U.S. companies from Wells Fargo to Delta Air Lines are under increasing pressure from investors to address climate change, and they have been making the environment (or ESG) a focal point of earnings calls this quarter. A Goldman Sachs analysis pointed to more than 30 companies that noted how they are addressing environmental changes on their earnings calls over the past quarter. Many earnings calls “zeroed in on the pressing issue of reducing greenhouse gas emissions,” noted the Goldman Sachs report. In an effort to address climate change, companies are explicitly outlining plans to reduce, and eventually eliminate, their own carbon emissions—revealing initiatives including new partnerships and green bond issuance.

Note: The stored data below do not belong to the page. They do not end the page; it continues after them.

(* Fix a trade-off function $f$ and $\alpha\in(0,1)$. Let $D_{n+1}=((X_i,Y_i))_{i=1}^{n+1}$ consist of i.i.d. data points from a distribution $P$ on $\mathcal X\times\mathcal Y$ and let $D_n=((X_i,Y_i))_{i=1}^n$. Let $M$ be any $f$-DP mechanism (with respect to add/remove-one adjacency) and $C(\cdot,\cdot)$ any prediction-set map, sending a mechanism output and a point $x\in\mathcal X$ to a measurable subset of $\mathcal Y$. If $\mathbb P\big(Y_{n+1}\in C(M(D_{n+1}),X_{n+1})\big)\ge 1-\alpha$, then $\mathbb P\big(Y_{n+1}\in C(M(D_n),X_{n+1})\big)\ge f(\alpha)$. Probabilities are over the data and the randomness of $M$ (which is independent of the data).
   Context: Trade-off function: for distributions $P,Q$, $T(P,Q)(\alpha)=\inf_\phi\{1-\mathbb E_Q[\phi]:\mathbb E_P[\phi]\le\alpha\}$ over measurable tests $\phi$ with values in $[0,1]$. A function $f:[0,1]\to[0,1]$ is a trade-off function if it is convex, continuous, non-increasing and $f(\alpha)\le 1-\alpha$. A mechanism $M$ is $f$-DP if $T(M(D),M(D'))\ge f$ pointwise for all datasets $D,D'$ differing by the addition or removal of one entry. *)

theory Defs
  imports "HOL-Probability.Probability"
begin

definition tradeoff :: "'a measure \<Rightarrow> 'a measure \<Rightarrow> real \<Rightarrow> real" where
  "tradeoff P Q \<alpha> = Inf ((\<lambda>\<phi>. 1 - (\<integral>x. \<phi> x \<partial>Q)) `
      {\<phi> \<in> borel_measurable P. (\<forall>x\<in>space P. 0 \<le> \<phi> x \<and> \<phi> x \<le> 1) \<and> (\<integral>x. \<phi> x \<partial>P) \<le> \<alpha>})"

Delta and American Airlines are investing in sustainable aviation fuel, and United Airlines says its electric airplane may be ready to fly before the end of the decade. Qualcomm is purchasing 100% renewable solar energy for its San Diego headquarters; Norfolk Southern and Wells Fargo issued green bonds, just to name a few.
Some of this momentum to address global warming stems from investor pressure. Some 69% of institutional investors say that ESG has become a greater priority over the past 12 months, and nearly a quarter say it’s a “critical factor” in all their investments, according to research from Corbin Advisors, which conducts institutional investor sentiment research. Meeting these investor demands has been an “increasingly formidable task” for companies, according to the Goldman report, as it requires new disclosures such as sustainability reports.
The lingering question: Is corporate America acting fast enough? The Intergovernmental Panel on Climate Change’s recent report painted a grim picture of what the Earth is up against—and how humanity is to blame. In the next 20 years, global temperatures will rise by at least 1.5°C. More and more businesses have their eyes on 2050. Meanwhile, the Earth keeps getting warmer.